Mahdiar Khosravi

STAT-545A hw#05
October.07.2013

Source Data

I decided to work on a new data set for this homework. I picked a data set from OECD.Stat Extracts about Bank Profitability Statistics under its Finance subsection.

Data Import

Used libraries:

library(ggplot2)
## Warning: package 'ggplot2' was built under R version 3.0.2
library(xtable)
gDat <- read.delim(file="BankProfitabilityStatistics.csv")

Basic sanity check:

str(gDat)
## 'data.frame':    50689 obs. of  5 variables:
##  $ Country     : Factor w/ 33 levels "Austria","Belgium",..: 1 1 1 1 1 1 1 1 1 1 ...
##  $ Bank        : Factor w/ 7 levels "All banks","Co-operative banks",..: 1 1 1 1 1 1 1 1 1 1 ...
##  $ Item        : Factor w/ 49 levels "1. Interest income",..: 1 1 1 1 1 1 1 1 1 1 ...
##  $ Year        : int  1999 2000 2001 2002 2003 2004 2005 2006 2007 2008 ...
##  $ Value..Flags: num  22333 27413 26867 23522 20846 ...
names(gDat)
## [1] "Country"      "Bank"         "Item"         "Year"        
## [5] "Value..Flags"
levels(gDat$Country)
##  [1] "Austria"            "Belgium"            "Canada"            
##  [4] "Chile"              "Czech Republic"     "Denmark"           
##  [7] "Estonia"            "Finland"            "France"            
## [10] "Germany"            "Greece"             "Hungary"           
## [13] "Ireland"            "Israel"             "Italy"             
## [16] "Japan"              "Korea"              "Luxembourg"        
## [19] "Mexico"             "Netherlands"        "New Zealand"       
## [22] "Norway"             "Poland"             "Portugal"          
## [25] "Russian Federation" "Slovak Republic"    "Slovenia"          
## [28] "Spain"              "Sweden"             "Switzerland"       
## [31] "Turkey"             "United Kingdom"     "United States"
levels(gDat$Bank)
## [1] "All banks"                                
## [2] "Co-operative banks"                       
## [3] "Commercial banks"                         
## [4] "Foreign commercial banks"                 
## [5] "Large commercial banks"                   
## [6] "Other miscellaneous monetary institutions"
## [7] "Savings banks"

As we can see here, this data set presents some information about financial indexes and parameters for different types of banking institutions, in different countries and for 11 years (1999 to 2009).

Data Manipulation

This is long.format data.frame. There are a number of dependent variables and levels which we can omit from the main data.frame.All Bank for example is the summation of the values for different types of banks. I also chose to omit the two levels Foreign commercial banks and Large commercial banks, for consistency reasons.

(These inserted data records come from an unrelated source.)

definition chord :: "nat \<Rightarrow> real \<Rightarrow> real" where
  "chord i x = r i + (x - b i) * chord_slope i"

definition polyline :: "real \<Rightarrow> real" where
  "polyline x = (MAX i\<in>{..<k}. chord i x)"

lemma b_mono_le: "j \<le> i \<Longrightarrow> i \<le> k \<Longrightarrow> b j \<le> b i"
  by (rule lift_Suc_mono_le_ivl[where N = "{..<k}"]) (auto simp: b_mono less_imp_le)

lemma r_Suc_eq: "i < k \<Longrightarrow> r (Suc i) = r i + (b (Suc i) - b i) * chord_slope i"
  using b_mono[of i] by (simp add: chord_slope_def)

text \<open>\<open>slope_ratio b r (Suc i) = - 1 / chord_slope i\<close>, and \<open>x \<mapsto> - 1 / x\<close> is increasing
  on the negative reals.\<close>
lemma chord_slope_less:
  assumes "Suc i < k"
  shows "chord_slope i < chord_slope (Suc i)"
proof -
  define db db' dr dr' where "db = b (Suc i) - b i" and "db' = b (Suc (Suc i)) - b (Suc i)"
    and "dr = r i - r (Suc i)" and "dr' = r (Suc i) - r (Suc (Suc i))"
  have pos: "db > 0" "db' > 0" "dr > 0" "dr' > 0"
    using assms b_mono[of i] b_mono[of "Suc i"] r_mono[of i] r_mono[of "Suc i"]
    by (auto simp: db_def db'_def dr_def dr'_def)
  have "db / dr < db' / dr'"
    using slope_ratio_mono[of "Suc i"] assms
    by (simp add: slope_ratio_def db_def db'_def dr_def dr'_def)
  then have "db * dr' < db' * dr"
    using pos by (simp add: divide_simps)
  then have "- dr / db < - dr' / db'"
    using pos by (simp add: divide_simps mult.commute)
  then show ?thesis
    by (simp add: chord_slope_def db_def db'_def dr_def dr'_def divide_simps)
qed

lemma chord_slope_mono: "j \<le> i \<Longrightarrow> i < k \<Longrightarrow> chord_slope j \<le> chord_slope i"
  by (rule lift_Suc_mono_le_ivl[where N = "{n. Suc n < k}"])
    (auto simp: chord_slope_less less_imp_le)

text \<open>The gap \<open>r j - chord i (b j)\<close> vanishes at \<open>j = i\<close> and its increments have the sign of
  \<open>chord_slope j - chord_slope i\<close>.\<close>
lemma vertex_above_chord:
  assumes "i < k" "j \<le> k"
  shows "chord i (b j) \<le> r j"
proof -
  define gap where "gap j = r j - chord i (b j)" for j
  have gap_step: "gap (Suc n) - gap n = (b (Suc n) - b n) * (chord_slope n - chord_slope i)"
    if "n < k" for n
    using r_Suc_eq[OF that] by (simp add: gap_def chord_def algebra_simps)
  have "gap i = 0"
    by (simp add: gap_def chord_def)
  moreover have "gap i \<le> gap j" if "i \<le> j"
  proof (rule lift_Suc_mono_le_ivl[where N = "{i..<k}"])
    fix n assume "n \<in> {i..<k}"
    then have "0 \<le> (b (Suc n) - b n) * (chord_slope n - chord_slope i)"
      using b_mono[of n] chord_slope_mono[of i n] by simp
    then show "gap n \<le> gap (Suc n)"
      using gap_step[of n] \<open>n \<in> {i..<k}\<close> by simp
  qed (use that assms in auto)
  moreover have "- gap j \<le> - gap i" if "j \<le> i"
  proof (rule lift_Suc_mono_le_ivl[where N = "{..<i}"])
    fix n assume "n \<in> {..<i}"
    then have "(b (Suc n) - b n) * (chord_slope n - chord_slope i) \<le> 0"
      using b_mono[of n] chord_slope_mono[of n i] assms by (simp add: mult_nonneg_nonpos)
    then show "- gap n \<le> - gap (Suc n)"
      using gap_step[of n] \<open>n \<in> {..<i}\<close> assms by simp
  qed (use that in auto)
  ultimately show ?thesis
    unfolding gap_def by linarith
qed

lemma chord_le_mean_rent:
  assumes "i < k" "\<And>j. j \<le> k \<Longrightarrow> w j \<ge> 0" "(\<Sum>j\<le>k. w j) = 1"
  shows "chord i (\<Sum>j\<le>k. w j * b j) \<le> (\<Sum>j\<le>k. w j * r j)"
proof -
  have affine: "chord i y = (r i - b i * chord_slope i) + chord_slope i * y" for y
    by (simp add: chord_def algebra_simps)
  have "chord i (\<Sum>j\<le>k. w j * b j) = (\<Sum>j\<le>k. w j * chord i (b j))"
    unfolding affine using assms(3)
    by (simp add: distrib_left sum.distrib sum_distrib_left mult_ac flip: sum_distrib_right)
  also have "\<dots> \<le> (\<Sum>j\<le>k. w j * r j)"
    using assms by (intro sum_mono mult_left_mono vertex_above_chord) auto
  finally show ?thesis .
qed

definition segment :: "real \<Rightarrow> nat" where
  "segment x = (LEAST i. x \<le> b (Suc i))"

lemma segment_bounds:
  assumes "0 < k" "b 0 \<le> x" "x \<le> b k"
  shows "segment x < k" "b (segment x) \<le> x" "x \<le> b (Suc (segment x))"
proof -
  have ex: "x \<le> b (Suc (k - 1))"
    using assms by simp
  show "x \<le> b (Suc (segment x))"
    unfolding segment_def by (rule LeastI[of "\<lambda>i. x \<le> b (Suc i)", OF ex])
  have "segment x \<le> k - 1"
    unfolding segment_def by (rule Least_le[of "\<lambda>i. x \<le> b (Suc i)", OF ex])
  then show "segment x < k"
    using assms(1) by simp
  show "b (segment x) \<le> x"
  proof (cases "segment x")
    case (Suc m)
    then have "\<not> x \<le> b (Suc m)"
      unfolding segment_def by (metis lessI not_less_Least)
    then show ?thesis
      using Suc by simp
  qed (use assms in simp)
qed

definition two_point :: "nat \<Rightarrow> real \<Rightarrow> nat \<Rightarrow> real" where
  "two_point i x j =
    (if j = i then (b (Suc i) - x) / (b (Suc i) - b i)
     else if j = Suc i then (x - b i) / (b (Suc i) - b i) else 0)"

lemma sum_two_point:
  assumes "i < k"
  shows "(\<Sum>j\<le>k. two_point i x j * f j) =
    ((b (Suc i) - x) * f i + (x - b i) * f (Suc i)) / (b (Suc i) - b i)"
proof -
  have "(\<Sum>j\<le>k. two_point i x j * f j) = (\<Sum>j\<in>{i, Suc i}. two_point i x j * f j)"
    using assms by (intro sum.mono_neutral_right) (auto simp: two_point_def)
  then show ?thesis
    by (simp add: two_point_def add_divide_distrib)
qed

context
  fixes i :: nat and x :: real
  assumes i: "i < k" and x: "b i \<le> x" "x \<le> b (Suc i)"
begin

lemma two_point_nonneg: "two_point i x j \<ge> 0"
  using x by (simp add: two_point_def)

lemma two_point_length_pos: "b (Suc i) - b i > 0"
  using b_mono[OF i] by simp

lemma sum_two_point_eq_1: "(\<Sum>j\<le>k. two_point i x j) = 1"
proof -
  have "(b (Suc i) - x) * 1 + (x - b i) * 1 = b (Suc i) - b i"
    by simp
  then show ?thesis
    using sum_two_point[OF i, of x "\<lambda>_. 1"] two_point_length_pos by simp
qed

lemma two_point_buy_cost: "(\<Sum>j\<le>k. two_point i x j * b j) = x"
proof -
  have "(b (Suc i) - x) * b i + (x - b i) * b (Suc i) = x * (b (Suc i) - b i)"
    by (simp add: algebra_simps)
  then show ?thesis
    using sum_two_point[OF i, of x b] two_point_length_pos by simp
qed

lemma two_point_rent_rate: "(\<Sum>j\<le>k. two_point i x j * r j) = chord i x"
proof -
  have "(\<Sum>j\<le>k. two_point i x j * r j)
      = (r i * (b (Suc i) - b i) + (x - b i) * (r (Suc i) - r i)) / (b (Suc i) - b i)"
    unfolding sum_two_point[OF i] by (simp add: algebra_simps)
  also have "\<dots> = r i + (x - b i) * ((r (Suc i) - r i) / (b (Suc i) - b i))"
    using two_point_length_pos by (simp add: add_divide_distrib)
  finally show ?thesis
    unfolding chord_def chord_slope_def .
qed

lemma polyline_eq_chord: "polyline x = chord i x"
  unfolding polyline_def
proof (rule Max_eqI)
  fix y assume "y \<in> (\<lambda>i. chord i x) ` {..<k}"
  then obtain i' where i': "i' < k" "y = chord i' x"
    by auto
  have "chord i' (\<Sum>j\<le>k. two_point i x j * b j) \<le> (\<Sum>j\<le>k. two_point i x j * r j)"
    using i'(1) two_point_nonneg sum_two_point_eq_1 by (rule chord_le_mean_rent)
  then show "y \<le> chord i x"
    unfolding i'(2) two_point_buy_cost two_point_rent_rate .
qed (use i in auto)

lemma active_two_point: "{j. j \<le> k \<and> two_point i x j > 0} \<subseteq> {i, Suc i}"
  by (auto simp: two_point_def split: if_splits)

end

lemma continuous_polyline: "0 < k \<Longrightarrow> continuous_on UNIV polyline"
  unfolding polyline_def chord_def [abs_def]
  by (intro continuous_on_MAX continuous_intros) auto

definition two_point_profile :: "(nat \<Rightarrow> real \<Rightarrow> real) \<Rightarrow> nat \<Rightarrow> real \<Rightarrow> real" where
  "two_point_profile p j t = two_point (segment (buy_cost k b p t)) (buy_cost k b p t) j"

context
  fixes p :: "nat \<Rightarrow> real \<Rightarrow> real" and t :: real
  assumes k: "0 < k" and p: "is_profile k p" and t: "t \<ge> 0"
begin

lemma buy_cost_bounds: "b 0 \<le> buy_cost k b p t" "buy_cost k b p t \<le> b k"
proof -
  have nonneg: "\<And>j. j \<le> k \<Longrightarrow> p j t \<ge> 0" and sum1: "(\<Sum>j\<le>k. p j t) = 1"
    using p t by (auto simp: is_profile_def)
  have "(\<Sum>j\<le>k. p j t * b 0) \<le> buy_cost k b p t" "buy_cost k b p t \<le> (\<Sum>j\<le>k. p j t * b k)"
    unfolding buy_cost_def using nonneg by (auto intro!: sum_mono mult_left_mono b_mono_le)
  then show "b 0 \<le> buy_cost k b p t" "buy_cost k b p t \<le> b k"
    using sum1 by (simp_all flip: sum_distrib_right)
qed

lemmas segment_buy_cost = segment_bounds[OF k buy_cost_bounds]

lemma two_point_profile_nonneg: "two_point_profile p j t \<ge> 0"
  unfolding two_point_profile_def using segment_buy_cost by (rule two_point_nonneg)

lemma sum_two_point_profile: "(\<Sum>j\<le>k. two_point_profile p j t) = 1"
  unfolding two_point_profile_def using segment_buy_cost by (rule sum_two_point_eq_1)

lemma buy_cost_two_point_profile: "buy_cost k b (two_point_profile p) t = buy_cost k b p t"
  unfolding buy_cost_def[of k b "two_point_profile p"] two_point_profile_def
  using segment_buy_cost by (rule two_point_buy_cost)

lemma rent_rate_two_point_profile: "rent_rate k r (two_point_profile p) t = polyline (buy_cost k b p t)"
  unfolding rent_rate_def[of k r "two_point_profile p"] two_point_profile_def
    two_point_rent_rate[OF segment_buy_cost] polyline_eq_chord[OF segment_buy_cost] ..

lemma rent_rate_two_point_profile_le: "rent_rate k r (two_point_profile p) t \<le> rent_rate k r p t"
proof -
  have "rent_rate k r (two_point_profile p) t = chord (segment (buy_cost k b p t)) (buy_cost k b p t)"
    using rent_rate_two_point_profile polyline_eq_chord[OF segment_buy_cost] by simp
  also have "\<dots> \<le> rent_rate k r p t"
    using chord_le_mean_rent[of _ "\<lambda>j. p j t"] segment_buy_cost(1) p t
    by (simp add: is_profile_def buy_cost_def rent_rate_def)
  finally show ?thesis .
qed

lemma active_two_point_profile:
  "(\<exists>j\<le>k. active k (two_point_profile p) t = {j}) \<or>
   (\<exists>j<k. active k (two_point_profile p) t = {j, Suc j})"
proof (rule singleton_or_consecutive_pair)
  show "active k (two_point_profile p) t \<subseteq> {segment (buy_cost k b p t), Suc (segment (buy_cost k b p t))}"
    unfolding active_def two_point_profile_def using segment_buy_cost by (rule active_two_point)
  show "active k (two_point_profile p) t \<noteq> {}"
  proof
    assume "active k (two_point_profile p) t = {}"
    then have "\<not> two_point_profile p j t > 0" if "j \<le> k" for j
      using that by (auto simp: active_def)
    then have "\<forall>j\<in>{..k}. two_point_profile p j t = 0"
      using two_point_profile_nonneg by (simp add: order_less_le)
    then show False
      using sum_two_point_profile by simp
  qed
qed (use segment_buy_cost in blast)

end

lemma prudent_two_point_profile: "0 < k \<Longrightarrow> is_profile k p \<Longrightarrow> prudent k (two_point_profile p)"
  unfolding prudent_def by (intro allI impI active_two_point_profile)

lemma competitive_two_point_profile:
  assumes k: "0 < k" and comp: "competitive k b r c p"
    and cont: "\<And>i. i \<le> k \<Longrightarrow> continuous_on {0..} (p i)"
  shows "competitive k b r c (two_point_profile p)"
  unfolding competitive_def
proof (intro conjI allI impI)
  have p: "is_profile k p"
    using comp by (simp add: competitive_def)
  show "is_profile k (two_point_profile p)"
    unfolding is_profile_def
    using two_point_profile_nonneg[OF k p] sum_two_point_profile[OF k p] by blast
  fix t :: real assume t: "t \<ge> 0"
  have int_p: "rent_rate k r p integrable_on {0..t}"
    and cost_p: "total_cost k b r p t \<le> c * opt k b r t"
    using comp t by (simp_all add: competitive_def)
  have "continuous_on {0..} (buy_cost k b p)"
    unfolding buy_cost_def by (intro continuous_on_sum continuous_on_mult_right cont) auto
  then have "continuous_on {0..t} (\<lambda>s. polyline (buy_cost k b p s))"
    by (rule continuous_on_compose2[OF continuous_polyline[OF k] continuous_on_subset]) auto
  then have int_polyline: "(\<lambda>s. polyline (buy_cost k b p s)) integrable_on {0..t}"
    by (rule integrable_continuous_real)
  have "rent_rate k r (two_point_profile p) s = polyline (buy_cost k b p s)"
    if "s \<in> {0..t}" for s
    using that by (intro rent_rate_two_point_profile[OF k p]) simp
  then show int_q: "rent_rate k r (two_point_profile p) integrable_on {0..t}"
    using int_polyline by (rule integrable_cong[THEN iffD2])
  have "rent_rate k r (two_point_profile p) s \<le> rent_rate k r p s" if "s \<in> {0..t}" for s
    using that by (intro rent_rate_two_point_profile_le[OF k p]) simp
  then have "integral {0..t} (rent_rate k r (two_point_profile p)) \<le> integral {0..t} (rent_rate k r p)"
    by (rule integral_le[OF int_q int_p])
  then have "total_cost k b r (two_point_profile p) t \<le> total_cost k b r p t"
    using buy_cost_two_point_profile[OF k p t] by (simp add: total_cost_def)
  then show "total_cost k b r (two_point_profile p) t \<le> c * opt k b r t"
    using cost_p by linarith
qed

BankLevels <- c("Co-operative banks","Commercial banks","Other miscellaneous monetary institutions",
                "Savings banks")
iDat <- droplevels(subset(gDat, subset= Bank %in% BankLevels))
str(iDat)
## 'data.frame':    20896 obs. of  5 variables:
##  $ Country     : Factor w/ 20 levels "Canada","Denmark",..: 1 1 1 1 1 1 1 1 1 1 ...
##  $ Bank        : Factor w/ 4 levels "Co-operative banks",..: 2 2 2 2 2 2 2 2 2 2 ...
##  $ Item        : Factor w/ 49 levels "1. Interest income",..: 1 1 1 1 1 1 1 1 1 1 ...
##  $ Year        : int  1999 2000 2001 2002 2003 2004 2005 2006 2007 2008 ...
##  $ Value..Flags: num  76301 85474 86333 68692 66578 ...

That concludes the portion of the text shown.